Keywords: Autonomic nervous system, cardiovascular disease, depression, heart rate variability, young adults
Introduction
Depression is a common and debilitant mental health disorder characterized by persistent sadness and a loss of interest in activities that one normally enjoys, accompanied by an inability to carry out daily activities, for at least two weeks. Other symptoms include a change in appetite; loss of energy; reduced concentration; indecisiveness; restlessness; anxiety; sleeping more/less; feelings of worthlessness, guilt or hopelessness; and thoughts of self-harm or even committing suicide.[1,2]
Approximately 3.8% of the world’s population (nearly 280 million people) of all ages suffer from depression.[3] It is very common among young adults of the age group of 18–25 years.[4] Suicide as an outcome of major depression becomes the fourth leading cause of death among this age group.[5] For most people, 18–25 years is a transitional period when they can look forward to education, financial security, marriage and parenthood. Failure in achieving their desired goals in life and stood up to their family’s and society’s expectations makes them depressed. Also, females of this age group are likely to become a mother and it is found that 10% of pregnant women and women in their post-partum period suffers from depression.[6] The current prevalence of depression in India is 2.68%. The prevalence of depression among the young adult age group in India is found to be 1.6% (male – 1.2%, female – 2%).[7] Depression is found to be linked with an increased risk of cardiovascular disease.
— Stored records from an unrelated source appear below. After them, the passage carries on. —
(* Let $\alpha\in\mathbb{R}\setminus\{0\}$ and $n\in\mathbb{N}$. Let $I_n$ and $f$ be as defined in the context. Then $f$ maps $I_n\setminus\{n\}$ into $(-1,1)\cup\{(-1)^n\}$. Moreover, for $x\in I_n\setminus\{n\}$ we have $f(x)=(-1)^n$ if and only if $$\left|\cos x\pi+\frac{\alpha}{4x}\sin x\pi\right|=1,$$ and $$\lim_{x\in I_n,\;x\to n} f(x)=(-1)^{n+1}.$$
   Context: Put $g(x)=\cos x\pi+\frac{\alpha}{4x}\sin x\pi$ for $x>0$. For $n\in\mathbb{N}$, let $I_n$ be the connected component containing $n$ of the set $\{x>0:\ |g(x)|\ge 1\}$; note that $|g(n)|=1$. For $x\in I_n\setminus\{n\}$ define $$f(x)=-\cos x\pi+\frac{\sin^2 x\pi}{\frac{\alpha}{4x}\sin x\pi\pm\sqrt{g(x)^2-1}} ,$$ where the sign $\pm$ is the sign of $g(x)$. *)

theory Defs
  imports "HOL-Analysis.Analysis"
begin

definition gfun :: "real \<Rightarrow> real \<Rightarrow> real" where
  "gfun \<alpha> x = cos (x * pi) + \<alpha> / (4 * x) * sin (x * pi)"

definition Icomp :: "real \<Rightarrow> nat \<Rightarrow> real set" where
  "Icomp \<alpha> n = connected_component_set {x. x > 0 \<and> \<bar>gfun \<alpha> x\<bar> \<ge> 1} (real n)"

definition ffun :: "real \<Rightarrow> real \<Rightarrow> real" where
  "ffun \<alpha> x = - cos (x * pi) + (sin (x * pi))^2 /
      (\<alpha> / (4 * x) * sin (x * pi) + sgn (gfun \<alpha> x) * sqrt ((gfun \<alpha> x)^2 - 1))"

end

theory Submission imports Defs begin

text \<open>
  On the connected set \<open>I\<^sub>n\<close> the continuous function \<open>g\<close> satisfies \<open>|g| \<ge> 1\<close>, so it keeps
  the sign of \<open>g(n) = (-1)\<^sup>n\<close>; since \<open>g(m) = (-1)\<^sup>m\<close> at every integer, \<open>I\<^sub>n\<close> lies strictly
  between \<open>n - 1\<close> and \<open>n + 1\<close>, hence \<open>sin x\<pi> \<noteq> 0\<close> on \<open>I\<^sub>n - {n}\<close>.
  With \<open>c = cos x\<pi>\<close>, \<open>s = sin x\<pi>\<close> and \<open>\<mu> = g + sgn g \<cdot> \<surd>(g\<^sup>2 - 1)\<close> one finds
  \<open>f = (1 - c\<mu>) / (\<mu> - c)\<close>, a M\<ouml>bius map of the unit disc (as \<open>|c| < 1\<close>) fixing \<open>\<plusminus>1\<close>;
  since \<open>|\<mu>| \<ge> 1\<close> with equality iff \<open>|g| = 1\<close>, \<open>f\<close> lies in \<open>(-1,1) \<union> {sgn g}\<close>.
  At \<open>x = n\<close> the formula for \<open>f\<close> degenerates to \<open>0/0\<close>; multiplying by the conjugate
  square root gives an expression that is continuous at \<open>n\<close> (this uses \<open>\<alpha> \<noteq> 0\<close>)
  with value \<open>-(-1)\<^sup>n\<close>.
\<close>

lemma connected_continuous_nonzero_same_sign:
  fixes f :: "'a::topological_space \<Rightarrow> real"
  assumes "connected S" "continuous_on S f" "\<And>x. x \<in> S \<Longrightarrow> f x \<noteq> 0" "a \<in> S" "b \<in> S"
  shows "0 < f a * f b"
proof (rule ccontr)
  assume "\<not> 0 < f a * f b"
  then have "f a \<le> 0 \<and> 0 \<le> f b \<or> f b \<le> 0 \<and> 0 \<le> f a"
    by (auto simp: zero_less_mult_iff)
  moreover have "connected (f ` S)"
    using assms(2,1) by (rule connected_continuous_image)
  ultimately have "0 \<in> f ` S"
    using assms(4,5) unfolding connected_iff_interval by blast
  then show False using assms(3) by auto
qed

lemma abs_mobius_less_one:
  fixes c \<mu> :: real
  assumes "c\<^sup>2 < 1" "1 < \<bar>\<mu>\<bar>"
  shows "\<bar>(1 - c * \<mu>) / (\<mu> - c)\<bar> < 1"
proof -
  have "1 < \<mu>\<^sup>2"
    using one_less_power[OF assms(2), of 2] by simp
  have "(1 - c * \<mu>)\<^sup>2 - (\<mu> - c)\<^sup>2 = (1 - c\<^sup>2) * (1 - \<mu>\<^sup>2)"
    by (simp add: power2_eq_square algebra_simps)
  also have "\<dots> < 0"
    using assms(1) \<open>1 < \<mu>\<^sup>2\<close> by (simp add: mult_pos_neg)
  finally have "\<bar>1 - c * \<mu>\<bar>\<^sup>2 < \<bar>\<mu> - c\<bar>\<^sup>2" by simp
  then have "\<bar>1 - c * \<mu>\<bar> < \<bar>\<mu> - c\<bar>"
    using power2_less_imp_less abs_ge_zero by blast
  then show ?thesis by simp
qed

lemma sgn_branch_quotient:
  fixes c s a :: real
  defines "g \<equiv> c + a * s"
  assumes cs: "c\<^sup>2 + s\<^sup>2 = 1" and "s \<noteq> 0" and g1: "1 \<le> \<bar>g\<bar>"
  shows "a * s + sgn g * sqrt (g\<^sup>2 - 1) \<noteq> 0"
    and "\<bar>g\<bar> = 1 \<Longrightarrow> - c + s\<^sup>2 / (a * s + sgn g * sqrt (g\<^sup>2 - 1)) = sgn g"
    and "1 < \<bar>g\<bar> \<Longrightarrow> \<bar>- c + s\<^sup>2 / (a * s + sgn g * sqrt (g\<^sup>2 - 1))\<bar> < 1"
proof -
  define e R where "e = sgn g" and "R = sqrt (g\<^sup>2 - 1)"
  define \<mu> where "\<mu> = g + e * R"
  have "1 \<le> g\<^sup>2"
    using one_le_power[OF g1, of 2] by simp
  then have R: "0 \<le> R" "R = 0 \<longleftrightarrow> \<bar>g\<bar> = 1"
    unfolding R_def by (auto simp: power2_eq_1_iff abs_if)
  have e: "e * e = 1" "e * g = \<bar>g\<bar>"
    using g1 unfolding e_def by (auto simp: sgn_if)
  have "e * \<mu> = \<bar>g\<bar> + R"
    unfolding \<mu>_def using e by (simp add: algebra_simps)
  then have "\<mu> = e * (\<bar>g\<bar> + R)"
    using e(1) by (metis mult.assoc mult_1)
  moreover have "\<bar>e\<bar> = 1"
    using g1 unfolding e_def by (auto simp: sgn_if)
  ultimately have abs_\<mu>: "\<bar>\<mu>\<bar> = \<bar>g\<bar> + R"
    using R(1) by (simp add: abs_mult)
  have "0 < s\<^sup>2" using \<open>s \<noteq> 0\<close> by simp
  then have c2: "c\<^sup>2 < 1" using cs by linarith
  then have "\<bar>c\<bar> < \<bar>\<mu>\<bar>"
    using abs_\<mu> R(1) g1 by (simp add: abs_square_less_1)
  then have den: "a * s + e * R = \<mu> - c" "\<mu> - c \<noteq> 0"
    unfolding \<mu>_def g_def by auto
  then show "a * s + sgn g * sqrt (g\<^sup>2 - 1) \<noteq> 0"
    unfolding e_def R_def by simp
  have "s\<^sup>2 = 1 - c\<^sup>2" using cs by simp
  then have "- c + s\<^sup>2 / (a * s + e * R) = - c + (1 - c\<^sup>2) / (\<mu> - c)"
    using den(1) by simp
  also have "\<dots> = (1 - c * \<mu>) / (\<mu> - c)"
    using den(2) by (simp add: field_simps power2_eq_square)
  finally have quot: "- c + s\<^sup>2 / (a * s + e * R) = (1 - c * \<mu>) / (\<mu> - c)" .
  show "\<bar>g\<bar> = 1 \<Longrightarrow> - c + s\<^sup>2 / (a * s + sgn g * sqrt (g\<^sup>2 - 1)) = sgn g"
  proof -
    assume "\<bar>g\<bar> = 1"
    then have "\<mu> = e"
      using R(2) unfolding \<mu>_def e_def by (auto simp: sgn_if abs_if split: if_splits)
    then have "(1 - c * \<mu>) / (\<mu> - c) = e"
      using den(2) e(1) by (simp add: field_simps)
    then show ?thesis using quot unfolding e_def R_def by simp
  qed
  show "1 < \<bar>g\<bar> \<Longrightarrow> \<bar>- c + s\<^sup>2 / (a * s + sgn g * sqrt (g\<^sup>2 - 1))\<bar> < 1"
    using quot abs_mobius_less_one[OF c2, of \<mu>] abs_\<mu> R(1)
    unfolding e_def R_def by simp
qed

text \<open>The product of the denominator with its conjugate \<open>a s - sgn g \<cdot> \<surd>(g\<^sup>2 - 1)\<close> is \<open>s (s - 2 a c)\<close>.\<close>

lemma sgn_branch_quotient_rationalize:
  fixes c s a :: real
  defines "g \<equiv> c + a * s"
  assumes cs: "c\<^sup>2 + s\<^sup>2 = 1" and "s \<noteq> 0" and "1 \<le> \<bar>g\<bar>" and "s - 2 * a * c \<noteq> 0"
  shows "s\<^sup>2 / (a * s + sgn g * sqrt (g\<^sup>2 - 1))
    = s * (a * s - sgn g * sqrt (g\<^sup>2 - 1)) / (s - 2 * a * c)"
proof -
  define e R where "e = sgn g" and "R = sqrt (g\<^sup>2 - 1)"
  have "1 \<le> g\<^sup>2"
    using one_le_power[OF \<open>1 \<le> \<bar>g\<bar>\<close>, of 2] by simp
  then have "R\<^sup>2 = g\<^sup>2 - 1" unfolding R_def by simp
  moreover have "e\<^sup>2 = 1"
    using \<open>1 \<le> \<bar>g\<bar>\<close> unfolding e_def by (auto simp: sgn_if)
  ultimately have prod: "(a * s - e * R) * (a * s + e * R) = s * (s - 2 * a * c)"
    using cs unfolding g_def by (simp add: power2_eq_square algebra_simps)
  have "a * s + e * R \<noteq> 0"
    using sgn_branch_quotient(1)[OF cs \<open>s \<noteq> 0\<close>] \<open>1 \<le> \<bar>g\<bar>\<close> unfolding e_def R_def g_def .
  then have "s\<^sup>2 / (a * s + e * R) = s * (a * s - e * R) / (s - 2 * a * c)"
    using \<open>s - 2 * a * c \<noteq> 0\<close> prod by (simp add: frac_eq_eq power2_eq_square)
  then show ?thesis unfolding e_def R_def .
qed

lemma gfun_of_nat: "gfun \<alpha> (real n) = (-1) ^ n"
  by (simp add: gfun_def)

lemma connected_Icomp: "connected (Icomp \<alpha> n)"
  unfolding Icomp_def by (rule connected_connected_component)

lemma Icomp_subset: "Icomp \<alpha> n \<subseteq> {x. 0 < x \<and> 1 \<le> \<bar>gfun \<alpha> x\<bar>}"
  unfolding Icomp_def by (rule connected_component_subset)

lemma of_nat_in_Icomp:
  assumes "n \<ge> 1"
  shows "real n \<in> Icomp \<alpha> n"
proof -
  have "real n \<in> {x. 0 < x \<and> 1 \<le> \<bar>gfun \<alpha> x\<bar>}"
    using assms by (simp add: gfun_of_nat)
  then show ?thesis
    unfolding Icomp_def by (simp only: mem_Collect_eq connected_component_refl_eq)
qed

lemma Icomp_sign:
  assumes "n \<ge> 1" "x \<in> Icomp \<alpha> n"
  shows "1 \<le> (-1) ^ n * gfun \<alpha> x"
proof -
  have "continuous_on {x. 0 < x} (gfun \<alpha>)"
    unfolding gfun_def by (intro continuous_intros) auto
  then have "continuous_on (Icomp \<alpha> n) (gfun \<alpha>)"
    by (rule continuous_on_subset) (use Icomp_subset in blast)
  moreover have "gfun \<alpha> y \<noteq> 0" if "y \<in> Icomp \<alpha> n" for y
    using Icomp_subset that by fastforce
  ultimately have "0 < gfun \<alpha> (real n) * gfun \<alpha> x"
    using connected_continuous_nonzero_same_sign[OF connected_Icomp]
      of_nat_in_Icomp[OF assms(1)] assms(2) by blast
  then have pos: "0 < (-1) ^ n * gfun \<alpha> x"
    by (simp add: gfun_of_nat)
  have "1 \<le> \<bar>gfun \<alpha> x\<bar>"
    using Icomp_subset assms(2) by blast
  then show ?thesis
    using abs_of_pos[OF pos] by (simp add: abs_mult)
qed

lemma sgn_gfun_on_Icomp:
  assumes "n \<ge> 1" "x \<in> Icomp \<alpha> n"
  shows "sgn (gfun \<alpha> x) = (-1) ^ n"
  using Icomp_sign[OF assms] by (cases "even n") (auto simp: sgn_if)

lemma of_nat_in_Icomp_imp_even:
  assumes "n \<ge> 1" "real m \<in> Icomp \<alpha> n"
  shows "even (m + n)"
proof -
  have "1 \<le> (-1::real) ^ (m + n)"
    using Icomp_sign[OF assms] by (simp add: gfun_of_nat power_add mult.commute)
  then show ?thesis by (cases "even (m + n)") auto
qed

lemma Icomp_subset_interval:
  assumes "n \<ge> 1"
  shows "Icomp \<alpha> n \<subseteq> {real n - 1<..<real n + 1}"
proof
  fix x assume x: "x \<in> Icomp \<alpha> n"
  have between: "z \<in> Icomp \<alpha> n" if "u \<in> Icomp \<alpha> n" "v \<in> Icomp \<alpha> n" "u \<le> z" "z \<le> v" for u v z
    using connected_Icomp that unfolding connected_iff_interval by blast
  have "x < real (n + 1)"
  proof (rule ccontr)
    assume "\<not> x < real (n + 1)"
    then have "real (n + 1) \<in> Icomp \<alpha> n"
      using between[OF of_nat_in_Icomp[OF assms] x] by simp
    from of_nat_in_Icomp_imp_even[OF assms this] show False by simp
  qed
  moreover have "real (n - 1) < x"
  proof (rule ccontr)
    assume "\<not> real (n - 1) < x"
    moreover have "0 < x" using x Icomp_subset by blast
    ultimately have "real (n - 1) \<in> Icomp \<alpha> n"
      using between[OF x of_nat_in_Icomp[OF assms]] by simp
    from of_nat_in_Icomp_imp_even[OF assms this] assms show False by (cases n) auto
  qed
  ultimately show "x \<in> {real n - 1<..<real n + 1}"
    using assms by simp
qed

lemma sin_nonzero_on_Icomp:
  assumes "n \<ge> 1" "x \<in> Icomp \<alpha> n - {real n}"
  shows "sin (x * pi) \<noteq> 0"
proof
  assume "sin (x * pi) = 0"
  then obtain i :: int where "x = of_int i"
    using sin_zero_iff_int2 by fastforce
  moreover have "x \<in> {real n - 1<..<real n + 1}"
    using Icomp_subset_interval[OF assms(1)] assms(2) by blast
  ultimately have "i = int n" by simp
  then show False using \<open>x = of_int i\<close> assms(2) by simp
qed

lemma ffun_on_Icomp:
  assumes "n \<ge> 1" "x \<in> Icomp \<alpha> n - {real n}"
  shows "ffun \<alpha> x = (-1) ^ n \<longleftrightarrow> \<bar>gfun \<alpha> x\<bar> = 1"
    and "ffun \<alpha> x \<in> {-1<..<1} \<union> {(-1) ^ n}"
proof -
  have g1: "1 \<le> \<bar>gfun \<alpha> x\<bar>"
    using Icomp_subset assms(2) by blast
  have sgn: "sgn (gfun \<alpha> x) = (-1) ^ n"
    using sgn_gfun_on_Icomp assms by blast
  note branch = sgn_branch_quotient[where a = "\<alpha> / (4 * x)", OF sin_cos_squared_add2 sin_nonzero_on_Icomp[OF assms],
      folded gfun_def, OF g1, folded ffun_def]
  have "ffun \<alpha> x = (-1) ^ n \<and> \<bar>gfun \<alpha> x\<bar> = 1 \<or> \<bar>ffun \<alpha> x\<bar> < 1 \<and> 1 < \<bar>gfun \<alpha> x\<bar>"
  proof (cases "\<bar>gfun \<alpha> x\<bar> = 1")
    case True
    then show ?thesis using branch(2) sgn by simp
  next
    case False
    then show ?thesis using branch(3) g1 by simp
  qed
  moreover have "(-1::real) ^ n = 1 \<or> (-1::real) ^ n = -1"
    by (cases "even n") simp_all
  ultimately show "ffun \<alpha> x = (-1) ^ n \<longleftrightarrow> \<bar>gfun \<alpha> x\<bar> = 1"
    and "ffun \<alpha> x \<in> {-1<..<1} \<union> {(-1) ^ n}"
    by (auto simp: abs_less_iff)
qed

lemma ffun_tendsto_at_of_nat:
  assumes "\<alpha> \<noteq> 0" "n \<ge> 1"
  shows "(ffun \<alpha> \<longlongrightarrow> (-1) ^ (n + 1)) (at (real n) within Icomp \<alpha> n)"
proof -
  define d where "d x = sin (x * pi) - 2 * (\<alpha> / (4 * x)) * cos (x * pi)" for x
  define h where "h x = - cos (x * pi) + sin (x * pi) *
    (\<alpha> / (4 * x) * sin (x * pi) - (-1) ^ n * sqrt ((gfun \<alpha> x)\<^sup>2 - 1)) / d x" for x
  have "d (real n) = - \<alpha> / (2 * real n) * (-1) ^ n"
    unfolding d_def by simp
  then have dn: "d (real n) \<noteq> 0"
    using assms by simp
  have "isCont h (real n)"
    unfolding h_def gfun_def using dn assms(2) by (intro continuous_intros) (auto simp: d_def)
  moreover have "h (real n) = (-1) ^ (n + 1)"
    unfolding h_def by simp
  ultimately have h_lim: "(h \<longlongrightarrow> (-1) ^ (n + 1)) (at (real n) within Icomp \<alpha> n)"
    by (metis continuous_at_imp_continuous_at_within continuous_within)
  have "\<forall>\<^sub>F x in at (real n) within Icomp \<alpha> n. d x \<noteq> 0"
  proof -
    have "isCont d (real n)"
      unfolding d_def using assms(2) by (intro continuous_intros) auto
    then show ?thesis
      using dn by (metis continuous_at_imp_continuous_at_within continuous_within
          tendsto_imp_eventually_ne)
  qed
  moreover have "\<forall>\<^sub>F x in at (real n) within Icomp \<alpha> n. x \<in> Icomp \<alpha> n - {real n}"
    by (simp add: eventually_at_filter)
  ultimately have "\<forall>\<^sub>F x in at (real n) within Icomp \<alpha> n. h x = ffun \<alpha> x"
  proof eventually_elim
    case (elim x)
    have g1: "1 \<le> \<bar>gfun \<alpha> x\<bar>"
      using Icomp_subset elim(2) by blast
    show "h x = ffun \<alpha> x"
      using sgn_branch_quotient_rationalize[where a = "\<alpha> / (4 * x)", OF sin_cos_squared_add2
          sin_nonzero_on_Icomp[OF assms(2) elim(2)], folded gfun_def, OF g1]
        elim(1) sgn_gfun_on_Icomp[OF assms(2)] elim(2)
      unfolding h_def d_def ffun_def by simp
  qed
  with h_lim show ?thesis
    using Lim_transform_eventually by blast
qed

theorem proposition3p2:
  fixes \<alpha> :: real and n :: nat
  assumes "\<alpha> \<noteq> 0" and "n \<ge> 1"
  shows "(\<forall>x \<in> Icomp \<alpha> n - {real n}. ffun \<alpha> x \<in> {-1<..<1} \<union> {(-1) ^ n})
    \<and> (\<forall>x \<in> Icomp \<alpha> n - {real n}. ffun \<alpha> x = (-1) ^ n \<longleftrightarrow> \<bar>gfun \<alpha> x\<bar> = 1)
    \<and> (ffun \<alpha> \<longlongrightarrow> (-1) ^ (n + 1)) (at (real n) within Icomp \<alpha> n)"
  using ffun_on_Icomp[OF assms(2)] ffun_tendsto_at_of_nat[OF assms] by blast

end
The pathophysiology of depression is complex and not fully understood, although there is evidence that autonomic nervous system dysfunction associated with depression may play an important role in cardiovascular disease among patients with depression.[8,9,10,11,12,13]
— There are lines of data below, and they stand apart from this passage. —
lemmas salg_normalize = yvar_swap yvar_swap_left yvar_square_left yvar_square
  yvar_mult_\<iota> yvar_mult_\<iota>_left \<iota>_mult_commute \<iota>_mult_left_commute
  \<iota>_add \<iota>_mult \<iota>_diff \<iota>_uminus
  distrib_left distrib_right left_diff_distrib right_diff_distrib mult.assoc mult_minus_left mult_minus_right

definition xpvar :: "nat \<Rightarrow> 'k::comm_ring_1 xpoly" where "xpvar i = Abs_xpoly (xvar i)"

lemma \<iota>_xpvar: "\<iota> (xpvar i) = xvar i"
  unfolding xpvar_def by (simp add: Abs_xpoly_inverse)

definition xconst :: "'k::comm_ring_1 \<Rightarrow> 'k xpoly" where
  "xconst c = Abs_xpoly (Abs_salg (sc_scal c sc_one))"

lemma \<iota>_xconst: "\<iota> (xconst c) = Abs_salg (sc_scal c sc_one)"
proof -
  have "coeffs (Abs_salg (sc_scal c sc_one)) = sc_scal c sc_one"
    by (simp add: Abs_salg_inverse sc_reg_one sc_reg_scal)
  then have "is_xpoly (Abs_salg (sc_scal c sc_one))"
    unfolding is_xpoly_def by (simp add: sc_scal_def sc_one_def)
  then show ?thesis unfolding xconst_def by (simp add: Abs_xpoly_inverse)
qed

lemma xconst_minus_one: "xconst (-1) = (-1 :: 'k::comm_ring_1 xpoly)"
proof -
  have "\<iota> (xconst (-1)) = (- 1 :: 'k salg)"
    unfolding \<iota>_xconst by (simp add: uminus_salg.abs_eq one_salg_def eq_onp_same_args sc_reg_one)
  then have "\<iota> (xconst (-1)) = (\<iota> (-1) :: 'k salg)" by (simp add: \<iota>_uminus \<iota>_one)
  then show ?thesis by (simp only: \<iota>_inject)
qed

definition reg_mat :: "'k::comm_ring_1 mat2 \<Rightarrow> bool" where
  "reg_mat A \<longleftrightarrow> (\<forall>i j. A i j \<in> sc_reg)"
Heart rate variability (HRV) reflects the variation in time between successive heartbeats and is an important measure of ANS activity. It is a measure of the beat-to-beat changes in heart rate and is influenced by the balance between the sympathetic and parasympathetic branches of the autonomic nervous system. HRV has been used to assess ANS function in a wide range of physiological and pathological conditions. Depression is found to be associated with altered HRV.[14,15] Jangpangi D et al.[16] found that LF and LF/HF ratio parameters of HRV were significantly higher; HF parameter is significantly lower, while there is no significant difference in SDRR and RMSSD parameters between a group of patients suffering from depression when compared to a group of healthy controls. Nahshoni E et al.[17] found that SDRR was significantly lower in the group of depressive patients when compared to healthy controls.[17] Billman GE[18] found that cardio-sympathovagal balance is not measured accurately by the LF/HF ratio of HRV. In recent years, numerous studies have investigated the relationship between HRV and depression. Since the HRV findings associated with depression remain inconsistent, this study is aimed to find HRV changes associated with depression so that the use of HRV as a diagnostic tool for depression can be validated.
Material and Methods
This study was conducted in the Department of Physiology, and Department of Psychiatry, IGIMS, Patna, from December 2022 to April 2023.
Participants
Cases – 42 patients[7] of age group (18-26) years[4] (male – 20, female – 22) with depression were recruited from outpatient, Department of Psychiatry, IGIMS, Patna. The diagnosis of depression was made as defined by the 2013, fifth edition of the American Psychiatric Association’s Diagnostic and Statistical Manual (DSM-V).[1,2]
Only newly diagnosed patients with depression who have not started antidepressant therapy were included. Subjects with substance abuse, prior history of coronary heart disease or any systemic illness or metabolic disorder known to affect HRV parameters were excluded.
Controls – A total of 89 non-depressed volunteers matched for age, BMI and sex proportions (male – 43, female – 46) with no reported medical conditions known to affect HRV parameters were included. Healthy controls had a normal ECG recording prior to being included in the study.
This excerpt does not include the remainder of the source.